Prometheus+Grafana（详细讲解）-编程知识

Prometheus(普罗米修斯）监控系统

1、Prometheus概述

1.1 任务背景

某公司由于业务快速发展，公司要求对现有机器进行业务监控，责成运维部门来实施这个任务。任务要求如下：

部署监控服务器，实现7x24实时监控
针对公司的业务及研发部门设计监控系统，对监控项和触发器拿出合理意见
做好问题预警机制，对可能出现的问题要及时告警并形成严格的处理机制
做好监控告警系统，要求可以实现告警分级
- 一级报警电话通知
- 二级报警微信通知
- 三级报警邮件通知
处理好公司服务器异地集中监控问题

为什么要监控？

实时收集数据，通过报警及时发现问题，及时处理。数据为优化也可以提供依据。

监控四要素：

监控对象 [主机状态服务资源页面，url]
用什么监控
什么时间监控 [7x24 5x8]
报警给谁

监控技术选型：

mrtg (MRTG - Tobi Oetiker’s MRTG - The Multi Router Traffic Grapher)通过snmp协议得到设备的流量信息，并以包含PNG格式的图形的HTML文档方式显示给用户。
cacti (仙人掌) 用php语言实现的一个软件，它的主要功能是用snmp服务获取数据，然后用rrdtool储存和更新数据。官网地址:Cactus | Description, Distribution, Family, & Facts | Britannica
ntop 官网地址: https://www.ntop.org/ 。
nagios 能够跨平台,插件多,报警功能强大。官网地址: https://www.nagios.org/
centreon 底层使用的就是nagios。是一个nagios整合版软件。官网地址:https://www.centreon.com/
ganglia 设计用于测量数以千计的节点,资源消耗非常小。官网地址:http://ganglia.info/
open-falcon 小米发布的运维监控软件，高效率，高可用。时间较短，用户基数小。官网地址: http://open-falcon.org/
zabbix 跨平台，画图，多条件告警，多种API接口。使用基数特别大。官网地址: https://www.zabbix.com/
prometheus 基于时间序列的数值数据的容器监控解决方案。官网地址: https://prometheus.io/

综合分析：Prometheus比较适合公司的监控需求

1.2 Prometheus特点

Prometheus 受启发于 Google 的 Brogmon 监控系统（相似的 Kubernetes 是从 Google的 Brog 系统演变而来），从 2012 年开始由前 Google 工程师在 Soundcloud 以开源软件的形式进行研发，并且于 2015 年早期对外发布早期版本。2016 年 5 月继 Kubernetes 之后成为第二个正式加入 CNCF 基金会的项目，同年 6 月正式发布 1.0 版本。2017 年底发布了基于全新存储层的 2.0 版本，能更好地与容器平台、云平台配合。

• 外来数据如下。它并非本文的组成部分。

(* Let $\mathcal{X}$ be an instance space and $\mathcal{Y}$ a finite label set. Let $\hat f:\mathcal{X}\to\mathbb{P}(\mathcal{Y})$ be a fixed probabilistic classifier (e.g. trained on a separate proper training set, independent of the data below), and write $\hat f(x)_y$ for the probability it assigns to label $y$ at $x$. Let $(x_j,y_j)$, $j\in\mathcal{I}_2$, be calibration points, each observed only through a candidate set $S_j\subseteq\mathcal{Y}$ with $y_j\in S_j$, and let $(x_{new},y_{new})$ be a test point. Define the multiset of scores $$\mathcal{E}_{\max}:=\Big\{\,1-\min_{y\in S_j}\hat f(x_j)_y : j\in\mathcal{I}_2\Big\}.$$ If the points $\{(x_j,y_j):j\in\mathcal{I}_2\}\cup\{(x_{new},y_{new})\}$ are exchangeable, then for every $\epsilon\in(0,1]$, $$\mathbb{P}\big(y_{new}\in\mathcal{T}(x_{new},\hat f,\mathcal{E}_{\max},\epsilon)\big)\ge 1-\epsilon .$$
   Context: For a finite multiset $\mathcal{E}$ of real numbers and $\epsilon\in(0,1]$, the critical score $q(\mathcal{E},\epsilon)$ is the $\lceil(1+|\mathcal{E}|)(1-\epsilon)\rceil$-th smallest element of $\mathcal{E}$ (counted with multiplicity); if this index exceeds $|\mathcal{E}|$, $q(\mathcal{E},\epsilon)$ is taken to be $+\infty$. For $x\in\mathcal{X}$, the prediction set is $\mathcal{T}(x,\hat f,\mathcal{E},\epsilon):=\{y\in\mathcal{Y}:\hat f(x)_y\ge 1-q(\mathcal{E},\epsilon)\}$. *)

theory Defs
  imports "HOL-Probability.Probability" "HOL-Combinatorics.Permutations"
begin

text \<open>If the index is 0 (only possible for eps = 1) we use -infinity (empty prediction set);
  the theorem is trivial in that case.\<close>
definition critical_score :: "real multiset \<Rightarrow> real \<Rightarrow> ereal" where
  "critical_score E \<epsilon> =
     (let k = nat \<lceil>(1 + real (size E)) * (1 - \<epsilon>)\<rceil> in
      if size E < k then \<infinity>
      else if k = 0 then -\<infinity>
      else ereal (sorted_list_of_multiset E ! (k - 1)))"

Prometheus 作为新一代的云原生监控系统，目前已经有超过 650+位贡献者参与到Prometheus 的研发工作上，并且超过 120+项的第三方集成。

Prometheus 是一个开源的完整监控解决方案，其对传统监控系统的测试和告警模型进行了彻底的颠覆，形成了基于中央化的规则计算、统一分析和告警的新模型。相比于传统监控系统，Prometheus 具有以下优点：

1 易于管理

Prometheus优秀的设计使得其本身非常易于管理，不会因为Prometheus增加管理成本。

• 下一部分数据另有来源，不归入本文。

(* Consider the recursive network formation model with the utility function described in the context. If $$c<b_1-b_2 \quad\text{and}\quad c_0\le(1-\gamma)b_2,$$ then the resulting topology is a complete graph: starting from a single node, for every $n\ge1$, the pairwise stable network reached after the $n$-th node has entered is the complete graph on $n$ nodes, irrespective of the random order in which nodes are selected to move.
   Context: Networks are finite simple undirected graphs whose vertices (nodes) are self-interested agents. Parameters: benefits $b_1>b_2>b_3>b_4>\dots>0$, where $b_i$ is the benefit a node obtains from a node at distance $i$; a link cost $c$ per immediate neighbor; an intermediation fraction $\gamma$ with $0\le\gamma<1$; and a network entry factor $c_0$. Notation: $N$ is the set of nodes currently in the network, $d_j$ the degree of $j$, and $l(j,w)$ the graph distance. A node $x$ is essential for a pair $y,z$ (with $x\notin\{y,z\}$) if $x$ lies on every path joining $y$ and $z$. Write $E(y,z)$ for the set of nodes essential for $y,z$ and $e(y,z)=|E(y,z)|$. Only pairs joined by a path contribute to the sums below. Utility of node $j$ in network $g$: $$u_j(g)=-c_0\,d_{T(j)}\mathbf 1_{\{j=\mathrm{NE}\}}+d_j(b_1-c)+\sum_{w\in N,\ l(j,w)>1}b_{l(j,w)}-\sum_{w\in N,\ E(j,w)\ne\emptyset}\gamma\, b_{l(j,w)}+\sum_{y,z\in N,\ j\in E(y,z)}\frac{\gamma}{e(y,z)}\,2\,b_{l(y,z)}.$$ Here $\mathbf 1_{\{j=\mathrm{NE}\}}=1$ exactly when $j$ is a newly entering node evaluating the creation of its first link. $T(j)$ is the existing node to which $j$ forms that first link, and $d_{T(j)}$ is that node's degree before the link. The network before entry gives the entering node utility $0$. Pairwise stability: $g$ is pairwise stable if (a) for every link $(i,j)\in g$, $u_i(g\setminus\{(i,j)\})\le u_i(g)$ and $u_j(g\setminus\{(i,j)\})\le u_j(g)$; and (b) for every non-link $(i,j)\notin g$, if $u_i(g\cup\{(i,j)\})>u_i(g)$ then $u_j(g\cup\{(i,j)\})<u_j(g)$. Recursive model of network formation: - The process starts with a single node. - When the current network of $n-1$ nodes is pairwise stable, a new node considers entering. Its options are to stay out or to propose a link to one existing node. The link forms iff the receiving node's utility does not decrease. No existing node can link to the newcomer before it has formed this first link. - After entry, nodes are repeatedly chosen at random to move. A chosen node plays a myopic best response among three options: create a link with a non-neighbor (the link forms only if the other node's utility does not decrease, which the proposer anticipates); delete a link with a neighbor (unilaterally); or keep the status quo. It alters a link only if this strictly increases its current utility. - This continues until the network is pairwise stable; then the next node considers entering, and so on. "The resulting topology is X" means: for every number $n$ of nodes, every pairwise stable network reached after the $n$-th node has entered is a network of topology X on $n$ nodes, irrespective of the random choices. *)

theory Defs
  imports Main Complex_Main
begin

Prometheus 核心部分只有一个单独的二进制文件，不存在任何的第三方依赖(数据库，缓存等等)。唯一需要的就是本地磁盘，因此不会有潜在级联故障的风险。
Prometheus 基于 Pull 模型的架构方式，可以在任何地方（本地电脑，开发环境，测试环境）搭建我们的监控系统。也可以通过中间网关支持push模型
对于一些复杂的情况，还可以使用 Prometheus 服务发现(Service Discovery)的能力动态管理监控目标。

2 可监控服务的内部运行状态

Pometheus 鼓励用户监控服务的内部状态，基于 Prometheus 丰富的 Client 库，用户可以轻松的在应用程序中添加对 Prometheus 的支持，从而让用户可以获取服务和应用内部真正的运行状态。

在这里插入图片描述

3 强大的数据模型

所有采集的监控数据均以指标(metric)的形式保存在内置的时间序列数据库当中(TSDB)。所有的样本除了基本的指标名称以外，还包含一组用于描述该样本特征的标签。

如下所示：

http_request_status{code=‘200’,content_path=‘/api/path’,environment=‘produment’} =>[value1@timestamp1,value2@timestamp2…]
http_request_status{code=‘200’,content_path=‘/api/path2’,environment=‘produment’} =>[value1@timestamp1,value2@timestamp2…]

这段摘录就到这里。